Among these records, which lines include "Longrightarrow"? Copy them out.

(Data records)
+--
lemma matrix_mult3_nth:
  "(A ** B ** C) $ i $ j = (\<Sum>p\<in>UNIV. \<Sum>q\<in>UNIV. A $ i $ p * B $ p $ q * C $ q $ j)"
  by (simp add: matrix_mult_nth sum_distrib_right) (rule sum.swap)

lemma trace_msc: "trace (msc c A) = c * trace A"
  by (simp add: trace_def sum_distrib_left)

lemma matrix_mult_msc_left: "msc c A ** B = msc c (A ** B)"
  by (simp add: vec_eq_iff matrix_mult_nth sum_distrib_left mult_ac)

lemma matrix_mult_msc_right: "A ** msc c B = msc c (A ** B)"
  by (simp add: vec_eq_iff matrix_mult_nth sum_distrib_left mult_ac)

lemma matrix_mult_add_right: "((A::'a::semiring_1^'m^'n) + B) ** C = A ** C + B ** C"
  by (simp add: vec_eq_iff matrix_mult_nth sum.distrib distrib_right)

lemma matrix_mult_diff_left: "(A::'a::ring_1^'m^'n) ** (B - C) = A ** B - A ** C"
  by (simp add: vec_eq_iff matrix_mult_nth sum_subtractf right_diff_distrib)

lemma matrix_mult_diff_right: "((A::'a::ring_1^'m^'n) - B) ** C = A ** C - B ** C"
  by (simp add: vec_eq_iff matrix_mult_nth sum_subtractf left_diff_distrib)

lemma madj_add: "madj (A + B) = madj A + madj B"
  and madj_diff: "madj (A - B) = madj A - madj B"
  by (simp_all add: vec_eq_iff)

lemma madj_transpose: "madj (transpose A) = transpose (madj A)"
  by (simp add: vec_eq_iff)

lemma madj_mult: "madj (A ** B) = madj B ** madj A"
  by (simp add: vec_eq_iff matrix_mult_nth mult.commute)

lemma sum_delta_pair:
  "(\<Sum>a\<in>UNIV. \<Sum>b\<in>UNIV. if (i::'a::finite) = a \<and> (j::'b::finite) = b then f a b else 0) = f i j"
  "(\<Sum>a\<in>UNIV. \<Sum>b\<in>UNIV. if a = i \<and> b = j then f a b else 0) = f i j"
  "(\<Sum>a\<in>UNIV. \<Sum>b\<in>UNIV. if j = b \<and> i = a then f a b else 0) = f i j"
proof -
  have "(\<Sum>b\<in>UNIV. if i = a \<and> j = b then f a b else 0) = (if i = a then f a j else 0)"
    and "(\<Sum>b\<in>UNIV. if a = i \<and> b = j then f a b else 0) = (if a = i then f a j else 0)"
    and "(\<Sum>b\<in>UNIV. if j = b \<and> i = a then f a b else 0) = (if i = a then f a j else 0)" for a
    by (cases "i = a"; simp)+
  then show "(\<Sum>a\<in>UNIV. \<Sum>b\<in>UNIV. if i = a \<and> j = b then f a b else 0) = f i j"
    and "(\<Sum>a\<in>UNIV. \<Sum>b\<in>UNIV. if a = i \<and> b = j then f a b else 0) = f i j"
    and "(\<Sum>a\<in>UNIV. \<Sum>b\<in>UNIV. if j = b \<and> i = a then f a b else 0) = f i j"
    by simp_all
qed

lemma sum_if_const_cond: "(\<Sum>x\<in>A. if P then f x else 0) = (if P then sum f A else 0)"
  by (cases P) simp_all

lemma sum_UNIV_two_points:
  fixes f :: "'n::finite \<Rightarrow> 'a::comm_monoid_add"
  assumes "i0 \<noteq> i1" and "\<And>k. k \<noteq> i0 \<Longrightarrow> k \<noteq> i1 \<Longrightarrow> f k = 0"
  shows "(\<Sum>k\<in>UNIV. f k) = f i0 + f i1"
proof -
  have "(\<Sum>k\<in>UNIV. f k) = (\<Sum>k\<in>{i0, i1}. f k)"
    by (rule sum.mono_neutral_right) (auto intro: assms(2))
  with assms(1) show ?thesis
    by simp
qed

lemma sum_UNIV_prod: "(\<Sum>p\<in>(UNIV :: ('a::finite \<times> 'b::finite) set). f p) = (\<Sum>a\<in>UNIV. \<Sum>b\<in>UNIV. f (a, b))"
  by (simp add: sum.cartesian_product)

lemma sum_swap_inner4:
  "(\<Sum>a\<in>A. \<Sum>p\<in>P. \<Sum>q\<in>Q. \<Sum>c\<in>C. \<Sum>d\<in>D. f a p q c d)
   = (\<Sum>p\<in>P. \<Sum>q\<in>Q. \<Sum>c\<in>C. \<Sum>d\<in>D. \<Sum>a\<in>A. f a p q c d)"
proof -
  have "(\<Sum>a\<in>A. \<Sum>p\<in>P. \<Sum>q\<in>Q. \<Sum>c\<in>C. \<Sum>d\<in>D. f a p q c d)
      = (\<Sum>p\<in>P. \<Sum>a\<in>A. \<Sum>q\<in>Q. \<Sum>c\<in>C. \<Sum>d\<in>D. f a p q c d)"
    by (rule sum.swap)
  also have "\<dots> = (\<Sum>p\<in>P. \<Sum>q\<in>Q. \<Sum>a\<in>A. \<Sum>c\<in>C. \<Sum>d\<in>D. f a p q c d)"
    by (rule sum.cong[OF refl], rule sum.swap)
  also have "\<dots> = (\<Sum>p\<in>P. \<Sum>q\<in>Q. \<Sum>c\<in>C. \<Sum>a\<in>A. \<Sum>d\<in>D. f a p q c d)"
    by (rule sum.cong[OF refl], rule sum.cong[OF refl], rule sum.swap)
  also have "\<dots> = (\<Sum>p\<in>P. \<Sum>q\<in>Q. \<Sum>c\<in>C. \<Sum>d\<in>D. \<Sum>a\<in>A. f a p q c d)"
    by (rule sum.cong[OF refl], rule sum.cong[OF refl], rule sum.cong[OF refl], rule sum.swap)
  finally show ?thesis .
qed

lemma sum_swap2_inner4:
  "(\<Sum>a\<in>A. \<Sum>b\<in>B. \<Sum>p\<in>P. \<Sum>q\<in>Q. \<Sum>c\<in>C. \<Sum>d\<in>D. f a b p q c d)
   = (\<Sum>p\<in>P. \<Sum>q\<in>Q. \<Sum>c\<in>C. \<Sum>d\<in>D. \<Sum>a\<in>A. \<Sum>b\<in>B. f a b p q c d)"
  by (simp only: sum_swap_inner4[where A = B] sum_swap_inner4[where A = A])

section \<open>Unitary matrices\<close>

lemma unitary_mat_columns:
  assumes "unitary_mat u"
  shows "(\<Sum>k\<in>UNIV. cnj (u$k$i) * u$k$j) = (if i = j then 1 else 0)"
proof -
  have "(madj u ** u) $ i $ j = mat 1 $ i $ j"
    using assms by (simp add: unitary_mat_def)
  then show ?thesis
    by (simp add: matrix_mult_nth)
qed

lemma unitary_mat_columns':
  assumes "unitary_mat u"
  shows "(\<Sum>k\<in>UNIV. u$k$i * cnj (u$k$j)) = (if i = j then 1 else 0)"
proof -
  have "cnj (\<Sum>k\<in>UNIV. cnj (u$k$i) * u$k$j) = cnj (if i = j then 1 else 0)"
    using unitary_mat_columns[OF assms] by simp
  then show ?thesis
    by (simp add: mult.commute split: if_splits)
qed

lemma unitary_mat_entry_le_1:
  assumes "unitary_mat u"
  shows "cmod (u$i$j) \<le> 1"
proof -
  have "complex_of_real (\<Sum>k\<in>UNIV. (cmod (u$k$j))\<^sup>2) = (\<Sum>k\<in>UNIV. cnj (u$k$j) * u$k$j)"
    by (simp add: complex_norm_square mult.commute del: of_real_power)
  then have "complex_of_real (\<Sum>k\<in>UNIV. (cmod (u$k$j))\<^sup>2) = 1"
    using unitary_mat_columns[OF assms, of j j] by simp
  then have "(\<Sum>k\<in>UNIV. (cmod (u$k$j))\<^sup>2) = 1"
    using of_real_eq_1_iff by blast
  moreover have "(cmod (u$i$j))\<^sup>2 \<le> (\<Sum>k\<in>UNIV. (cmod (u$k$j))\<^sup>2)"
    by (rule member_le_sum) auto
  ultimately show ?thesis
    by (simp add: abs_square_le_1)
qed

lemma bounded_unitary: "bounded {u :: complex^'n^'n. unitary_mat u}"
proof -
  have "norm u \<le> of_nat (CARD('n) * CARD('n))" if "unitary_mat u" for u :: "complex^'n^'n"
  proof -
    have "norm u \<le> (\<Sum>i\<in>UNIV. norm (u$i))"
      by (simp add: norm_vec_def L2_set_le_sum)
    also have "\<dots> \<le> (\<Sum>i\<in>UNIV. \<Sum>j\<in>UNIV. cmod (u$i$j))"
      by (intro sum_mono) (simp add: norm_vec_def L2_set_le_sum)
    also have "\<dots> \<le> (\<Sum>i\<in>(UNIV::'n set). \<Sum>j\<in>(UNIV::'n set). 1)"
      by (intro sum_mono unitary_mat_entry_le_1[OF that])
    finally show ?thesis
      by simp
  qed
  then show ?thesis
    unfolding bounded_iff by blast
qed

lemma continuous_on_matrix_mult [continuous_intros]:
  fixes f :: "'a::topological_space \<Rightarrow> 'b::real_normed_algebra_1^'k^'m"
    and g :: "'a \<Rightarrow> 'b^'n^'k"
  assumes "continuous_on S f" and "continuous_on S g"
  shows "continuous_on S (\<lambda>x. f x ** g x)"
  unfolding matrix_matrix_mult_def
  by (intro continuous_on_vec_lambda continuous_intros continuous_on_component assms)

lemma continuous_on_madj [continuous_intros]:
  fixes f :: "'a::topological_space \<Rightarrow> complex^'n^'m"
  shows "continuous_on S f \<Longrightarrow> continuous_on S (\<lambda>x. madj (f x))"
  unfolding madj_def mconj_def transpose_def
  by (intro continuous_on_vec_lambda continuous_intros continuous_on_component)

lemma continuous_on_transpose [continuous_intros]:
  fixes f :: "'a::topological_space \<Rightarrow> 'b::real_normed_vector^'n^'m"
  shows "continuous_on S f \<Longrightarrow> continuous_on S (\<lambda>x. transpose (f x))"
  unfolding transpose_def
  by (intro continuous_on_vec_lambda continuous_intros continuous_on_component)

lemma compact_unitary: "compact {u :: complex^'n^'n. unitary_mat u}"
  unfolding compact_eq_bounded_closed
proof (intro conjI bounded_unitary)
  have "closed ({u :: complex^'n^'n. madj u ** u = mat 1} \<inter> {u. u ** madj u = mat 1})"
    by (intro closed_Int closed_Collect_eq continuous_intros)
  then show "closed {u :: complex^'n^'n. unitary_mat u}"
    by (simp add: unitary_mat_def Collect_conj_eq)
qed

definition diag_mat :: "('n \<Rightarrow> complex) \<Rightarrow> complex^'n^'n" where
  "diag_mat z = (\<chi> i j. if i = j then z i else 0)"

lemma diag_mat_nth [simp]: "diag_mat z $ i $ j = (if i = j then z i else 0)"
  by (simp add: diag_mat_def)

lemma unitary_diag_mat:
  assumes "\<And>i. cmod (z i) = 1"
  shows "unitary_mat (diag_mat z)"
proof -
  have "cnj (z i) * z i = 1" for i
    using assms[of i] by (metis complex_norm_square mult.commute of_real_1 power_one)
  then show ?thesis
    by (simp add: unitary_mat_def vec_eq_iff matrix_mult_nth if_distrib[of "\<lambda>w. w * _"]
        if_distrib[of "\<lambda>w. _ * w"] mult.commute cong: if_cong)
qed

definition perm_mat :: "('n \<Rightarrow> 'n) \<Rightarrow> complex^'n^'n" where
  "perm_mat s = (\<chi> i j. if s i = j then 1 else 0)"

lemma unitary_perm_mat:
  assumes "bij s"
  shows "unitary_mat (perm_mat s)"
proof -
  have "(\<Sum>k\<in>UNIV. if s k = i then 1 else 0) = (1::complex)" for i
  proof -
    have "(\<Sum>k\<in>UNIV. if s k = i then 1 else 0) = (\<Sum>k\<in>UNIV. if inv s i = k then 1 else (0::complex))"
      using assms by (intro sum.cong) (auto simp: bij_is_inj bij_is_surj surj_f_inv_f)
    then show ?thesis
      by simp
  qed
  moreover have "s i = s j \<longleftrightarrow> i = j" for i j
    using assms by (simp add: bij_def inj_eq)
  ultimately show ?thesis
    by (simp add: unitary_mat_def perm_mat_def vec_eq_iff matrix_mult_nth if_distrib[of "\<lambda>w. w * _"]
        if_distrib[of cnj] cong: if_cong)
qed

definition hadamard_mat :: "'n \<Rightarrow> 'n \<Rightarrow> complex^'n^'n" where
  "hadamard_mat i0 i1 = (\<chi> i j. if i \<in> {i0, i1} \<and> j \<in> {i0, i1}
     then (if i = i1 \<and> j = i1 then - of_real (sqrt (1/2)) else of_real (sqrt (1/2)))
     else if i = j then 1 else 0)"

lemma unitary_hadamard_mat:
  assumes "i0 \<noteq> i1"
  shows "unitary_mat (hadamard_mat i0 i1)"
proof -
  let ?H = "hadamard_mat i0 i1"
  have h: "complex_of_real (sqrt (1/2)) * of_real (sqrt (1/2)) = 1/2"
    by (simp flip: of_real_mult)
  have "madj ?H = ?H"
    by (auto simp: vec_eq_iff hadamard_mat_def)
  have "(?H ** ?H) $ i $ j = mat 1 $ i $ j" for i j
  proof (cases "i \<in> {i0, i1} \<and> j \<in> {i0, i1}")
    case True
    then show ?thesis
      using assms by (auto simp: matrix_mult_nth sum_UNIV_two_points[OF assms] hadamard_mat_def h)
  next
    case False
    then show ?thesis
      by (auto simp: matrix_mult_nth hadamard_mat_def if_distrib[of "\<lambda>w. w * _"]
          if_distrib[of "\<lambda>w. _ * w"] cong: if_cong intro!: sum.neutral)
  qed
  then have "?H ** ?H = mat 1"
    by (simp add: vec_eq_iff)
  with \<open>madj ?H = ?H\<close> show ?thesis
    by (simp add: unitary_mat_def)
qed

definition mat_coeff :: "(complex^'n^'n \<Rightarrow> complex^'n^'n) \<Rightarrow> 'n \<Rightarrow> 'n \<Rightarrow> 'n \<Rightarrow> 'n \<Rightarrow> complex" where
  "mat_coeff T a b c d = T (munit c d) $ a $ b"

lemma clinear_map_sum:
  assumes "clinear_map T"
  shows "T (\<Sum>i\<in>A. f i) = (\<Sum>i\<in>A. T (f i))"
proof (induction A rule: infinite_finite_induct)
  case (infinite A)
  then show ?case
    using assms by (simp add: clinear_map_def) (metis add_cancel_right_right)
next
  case empty
  then show ?case
    using assms by (simp add: clinear_map_def) (metis add_cancel_right_right)
next
  case (insert x F)
  then show ?case
    using assms by (simp add: clinear_map_def)
qed

lemma matrix_eq_sum_munit: "x = (\<Sum>c\<in>UNIV. \<Sum>d\<in>UNIV. msc (x$c$d) (munit c d))"
  by (simp add: vec_eq_iff if_distrib[of "\<lambda>z. _ * z"] sum_delta_pair cong: if_cong)

lemma clinear_map_nth:
  assumes "clinear_map T"
  shows "T x $ a $ b = (\<Sum>c\<in>UNIV. \<Sum>d\<in>UNIV. x$c$d * mat_coeff T a b c d)"
proof -
  have "T x = T (\<Sum>c\<in>UNIV. \<Sum>d\<in>UNIV. msc (x$c$d) (munit c d))"
    by (subst matrix_eq_sum_munit) simp
  also have "\<dots> = (\<Sum>c\<in>UNIV. \<Sum>d\<in>UNIV. msc (x$c$d) (T (munit c d)))"
    using assms by (simp add: clinear_map_sum clinear_map_def)
  finally show ?thesis
    by (simp add: mat_coeff_def)
qed

lemma continuous_on_clinear_map:
  assumes "clinear_map T"
  shows "continuous_on S T"
proof -
  have T: "T = (\<lambda>x. \<chi> a b. \<Sum>c\<in>UNIV. \<Sum>d\<in>UNIV. x$c$d * mat_coeff T a b c d)"
    by (intro ext) (simp add: vec_eq_iff clinear_map_nth[OF assms])
  show ?thesis
    by (subst T) (intro continuous_on_vec_lambda continuous_intros continuous_on_component)
qed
+--
▸ Response area
  assumes "i0 \<noteq> i1" and "\<And>k. k \<noteq> i0 \<Longrightarrow> k \<noteq> i1 \<Longrightarrow> f k = 0"
  shows "continuous_on S f \<Longrightarrow> continuous_on S (\<lambda>x. madj (f x))"
  shows "continuous_on S f \<Longrightarrow> continuous_on S (\<lambda>x. transpose (f x))"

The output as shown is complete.